I came across this question while taking the assessments associated with the modules on Dr. Lavelle's website and I'm not sure how to solve this. I am pasting the question below!

The meter was defined in 1963 as 1,650,763.73 wavelengths of radiation emitted by krypton-86 (it has since been redefined). What is the wavelength of this krypton-86 radiation? To what region of the electromagnetic spectrum does this wavelength correspond (i.e. infrared, ultraviolet, x-ray, etc.)? What energy does one photon of this radiation have?

[Stuti Pradhan 2J]

Since you are told that 1 meter is 1,650,763.73 wavelengths of radiation emitted by krypton-86, it is basically a 1 meter to 1,650,763.73 wavelengths ratio. To find 1 wavelength, just divide 1 meter by 1,650,763.73.

If you set it up as 1m=1,650,763.73 wavelengths, then your goal is to find 1 wavelength, so divide both sides by 1,650,763.73 to get your answer.

Once you find the wavelength, you can figure out what part of the electromagnetic spectrum it corresponds to. You can also use the equation to find the energy of one photon.

Hope this helps!

[Olivia Monroy 1A]

To put it simply divide 1 wave by 1,650,763.73 m to get 6.0578x10^-7 m per wavelength then with that you can find the energy per photon using E=hc/wavelength to get an answer of 3.281x10^-19 J, matching option D.

[Kimiya Aframian IB]

Hi everyone!

I came across this question while taking the assessments associated with the modules on Dr. Lavelle's website and I'm not sure how to solve this. I am pasting the question below!

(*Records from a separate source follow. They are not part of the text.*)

lemma shell_term_le:
  fixes k n d :: nat and c \<alpha> \<gamma> R :: real
  assumes "0 \<le> c" "0 \<le> \<gamma>" "1 \<le> d" "real n \<le> R"
  shows "c * (real k + 1) powr (- \<alpha>) * exp (- \<gamma> * (R - real k - 1)) * (real k + 1) ^ (d - 1)
    \<le> c * exp \<gamma> * ((real k + 1) powr (real d - 1 - \<alpha>) * exp (- \<gamma> * (real n - real k)))"
proof -
  have pow: "(real k + 1) powr (- \<alpha>) * (real k + 1) ^ (d - 1) = (real k + 1) powr (real d - 1 - \<alpha>)"
    using assms(3) by (simp add: powr_realpow[symmetric] of_nat_diff powr_add[symmetric])
  have "exp (- \<gamma> * (R - real k - 1)) \<le> exp \<gamma> * exp (- \<gamma> * (real n - real k))"
    using mult_left_mono[OF assms(4) assms(2)] by (simp add: algebra_simps flip: exp_add)
  then have "c * ((real k + 1) powr (- \<alpha>) * (real k + 1) ^ (d - 1)) * exp (- \<gamma> * (R - real k - 1))
      \<le> c * (real k + 1) powr (real d - 1 - \<alpha>) * (exp \<gamma> * exp (- \<gamma> * (real n - real k)))"
    unfolding pow using assms(1) by (intro mult_left_mono) auto
  then show ?thesis
    by (simp only: mult_ac)
qed
lemma fst_Se: "Se V ends S e = Some U \<Longrightarrow> fst U = insert e (fst S)"
  unfolding Se_def Let_def by (auto split: if_splits option.splits)

lemma states_edges_subset: "S \<in> states V ends n \<Longrightarrow> fst S \<subseteq> {1..n}"
  unfolding states_def by auto

definition relabel_state :: "(nat \<Rightarrow> nat) \<Rightarrow> 'v estate \<Rightarrow> 'v estate" where
  "relabel_state \<sigma> S = (\<sigma> ` fst S, snd S)"

definition relabel_chain :: "(nat \<Rightarrow> nat) \<Rightarrow> ('v estate \<Rightarrow> int) \<Rightarrow> 'v estate \<Rightarrow> int" where
  "relabel_chain \<sigma> f T =
     inversion_sign \<sigma> (fst (relabel_state (inv \<sigma>) T)) * f (relabel_state (inv \<sigma>) T)"

lemma relabel_state_inv_relabel_state [simp]:
  "bij \<sigma> \<Longrightarrow> relabel_state (inv \<sigma>) (relabel_state \<sigma> S) = S"
  unfolding relabel_state_def by (simp add: image_comp bij_is_inj)

lemma relabel_state_relabel_state_inv [simp]:
  "bij \<sigma> \<Longrightarrow> relabel_state \<sigma> (relabel_state (inv \<sigma>) T) = T"
  unfolding relabel_state_def by (simp add: image_comp bij_is_surj surj_f_inv_f)

lemma relabel_state_eq_iff:
  "bij \<sigma> \<Longrightarrow> relabel_state \<sigma> S = T \<longleftrightarrow> S = relabel_state (inv \<sigma>) T"
  by auto

lemma ideg_relabel_state: "inj \<sigma> \<Longrightarrow> ideg (relabel_state \<sigma> S) = ideg S"
  unfolding ideg_def relabel_state_def by (simp add: card_image inj_on_subset)

lemma relabel_chain_relabel_state:
  "bij \<sigma> \<Longrightarrow> relabel_chain \<sigma> f (relabel_state \<sigma> S) = inversion_sign \<sigma> (fst S) * f S"
  unfolding relabel_chain_def by simp

lemma relabel_chain_add:
  "relabel_chain \<sigma> (\<lambda>S. f S + g S) = (\<lambda>T. relabel_chain \<sigma> f T + relabel_chain \<sigma> g T)"
  unfolding relabel_chain_def by (simp add: algebra_simps)

lemma inj_relabel_chain: "bij \<sigma> \<Longrightarrow> inj (relabel_chain \<sigma>)"
proof (rule injI)
  fix f g assume "bij \<sigma>" and eq: "relabel_chain \<sigma> f = relabel_chain \<sigma> g"
  show "f = g"
  proof
    fix S
    have "inversion_sign \<sigma> (fst S) * f S = inversion_sign \<sigma> (fst S) * g S"
      by (simp flip: relabel_chain_relabel_state[OF \<open>bij \<sigma>\<close>] add: eq)
    then show "f S = g S"
      by (simp add: inversion_sign_nonzero)
  qed
qed

lemma relabel_chain_image_support:
  fixes Q P :: "'v estate \<Rightarrow> bool"
  assumes "bij \<sigma>" and Q_iff_P: "\<And>S. Q (relabel_state \<sigma> S) \<longleftrightarrow> P S"
  shows "relabel_chain \<sigma> ` {f. \<forall>S. f S \<noteq> 0 \<longrightarrow> P S} = {g. \<forall>T. g T \<noteq> 0 \<longrightarrow> Q T}"
proof (intro equalityI subsetI)
  fix g assume "g \<in> relabel_chain \<sigma> ` {f. \<forall>S. f S \<noteq> 0 \<longrightarrow> P S}"
  then obtain f where f: "\<forall>S. f S \<noteq> 0 \<longrightarrow> P S" and g: "g = relabel_chain \<sigma> f"
    by blast
  have "Q T" if "g T \<noteq> 0" for T
  proof -
    have "f (relabel_state (inv \<sigma>) T) \<noteq> 0"
      using that by (simp add: g relabel_chain_def)
    with f have "P (relabel_state (inv \<sigma>) T)"
      by blast
    then show ?thesis
      using Q_iff_P[of "relabel_state (inv \<sigma>) T"] \<open>bij \<sigma>\<close> by simp
  qed
  then show "g \<in> {g. \<forall>T. g T \<noteq> 0 \<longrightarrow> Q T}"
    by blast
next
  fix g :: "'v estate \<Rightarrow> int"
  assume g: "g \<in> {g. \<forall>T. g T \<noteq> 0 \<longrightarrow> Q T}"
  define f where "f S = inversion_sign \<sigma> (fst S) * g (relabel_state \<sigma> S)" for S
  have "relabel_chain \<sigma> f = g"
  proof
    fix T
    show "relabel_chain \<sigma> f T = g T"
      using \<open>bij \<sigma>\<close>
      by (simp add: relabel_chain_def f_def mult.assoc[symmetric] inversion_sign_squared)
  qed
  moreover have "\<forall>S. f S \<noteq> 0 \<longrightarrow> P S"
    using g by (simp add: f_def flip: Q_iff_P del: split_paired_All)
  ultimately show "g \<in> relabel_chain \<sigma> ` {f. \<forall>S. f S \<noteq> 0 \<longrightarrow> P S}"
    by blast
qed

context
  fixes n :: nat and \<sigma> :: "nat \<Rightarrow> nat"
  assumes \<sigma>_permutes: "\<sigma> permutes {1..n}"
begin

lemma bij_\<sigma>: "bij \<sigma>"
  using \<sigma>_permutes by (rule permutes_bij)

lemma relabel_apply_permuted: "e \<in> {1..n} \<Longrightarrow> relabel n \<sigma> ends (\<sigma> e) = ends e"
  unfolding relabel_def comp_def
  by (subst inv_into_f_f[OF inj_on_subset[OF bij_is_inj[OF bij_\<sigma>] subset_UNIV]]) auto

lemma edge_rel_relabel:
  assumes "s \<subseteq> {1..n}"
  shows "edge_rel (relabel n \<sigma> ends) (\<sigma> ` s) = edge_rel ends s"
proof -
  have "edge_rel (relabel n \<sigma> ends) (\<sigma> ` s) = (\<lambda>e. relabel n \<sigma> ends (\<sigma> e)) ` s"
    unfolding edge_rel_def by blast
  also have "\<dots> = ends ` s"
    using assms by (intro image_cong refl relabel_apply_permuted) auto
  finally show ?thesis
    unfolding edge_rel_def by blast
qed

lemma comps_relabel:
  "s \<subseteq> {1..n} \<Longrightarrow> comps V (relabel n \<sigma> ends) (\<sigma> ` s) = comps V ends s"
  unfolding comps_def conn_def by (simp add: edge_rel_relabel)

lemma conn_relabel:
  "s \<subseteq> {1..n} \<Longrightarrow> conn V (relabel n \<sigma> ends) (\<sigma> ` s) = conn V ends s"
  unfolding conn_def by (simp add: edge_rel_relabel)
lemma coarsen_component_of:
  assumes "X \<subseteq> Y" "a \<in> W"
  shows "{y \<in> W. \<exists>b\<in>component_of W X a. reach Y b y} = component_of W Y a"
proof (intro equalityI subsetI)
  fix y assume "y \<in> {y \<in> W. \<exists>b\<in>component_of W X a. reach Y b y}"
  then obtain b where "y \<in> W" "reach X a b" "reach Y b y" by (auto simp: component_of_def)
  then show "y \<in> component_of W Y a"
    using reach_mono[OF assms(1)] reach_trans by (metis (mono_tags) component_of_def mem_Collect_eq)
next
  fix y assume "y \<in> component_of W Y a"
  then show "y \<in> {y \<in> W. \<exists>b\<in>component_of W X a. reach Y b y}"
    using component_of_self[OF assms(2), of X] by (auto simp: component_of_def)
qed

lemma components_in_coarsen:
  assumes "X \<subseteq> Y"
  shows "(\<lambda>K. {y \<in> W. \<exists>b\<in>K. reach Y b y}) ` components_in W X = components_in W Y"
  unfolding components_in_def image_image using coarsen_component_of[OF assms]
  by (auto intro!: image_cong)

lemma card_components_in_antimono:
  assumes "finite W" "X \<subseteq> Y"
  shows "card (components_in W Y) \<le> card (components_in W X)"
proof -
  let ?merge = "\<lambda>K. {y \<in> W. \<exists>b\<in>K. reach Y b y}"
  have "card (?merge ` components_in W X) \<le> card (components_in W X)"
    using finite_components_in[OF assms(1)] by (rule card_image_le)
  then show ?thesis by (simp only: components_in_coarsen[OF assms(2)])
qed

The meter was defined in 1963 as 1,650,763.73 wavelengths of radiation emitted by krypton-86 (it has since been redefined). What is the wavelength of this krypton-86 radiation? To what region of the electromagnetic spectrum does this wavelength correspond (i.e. infrared, ultraviolet, x-ray, etc.)? What energy does one photon of this radiation have?

Hi! For me, the trouble in this problems was not exactly the calculations but instead seeing what is was asking us to do. I think that it is pretty much saying that in one meter, there are 1650763.73 waves, so we need to divide the two in order to solve for the wavelength, which we can then use to solve for energy.

Hope this helps!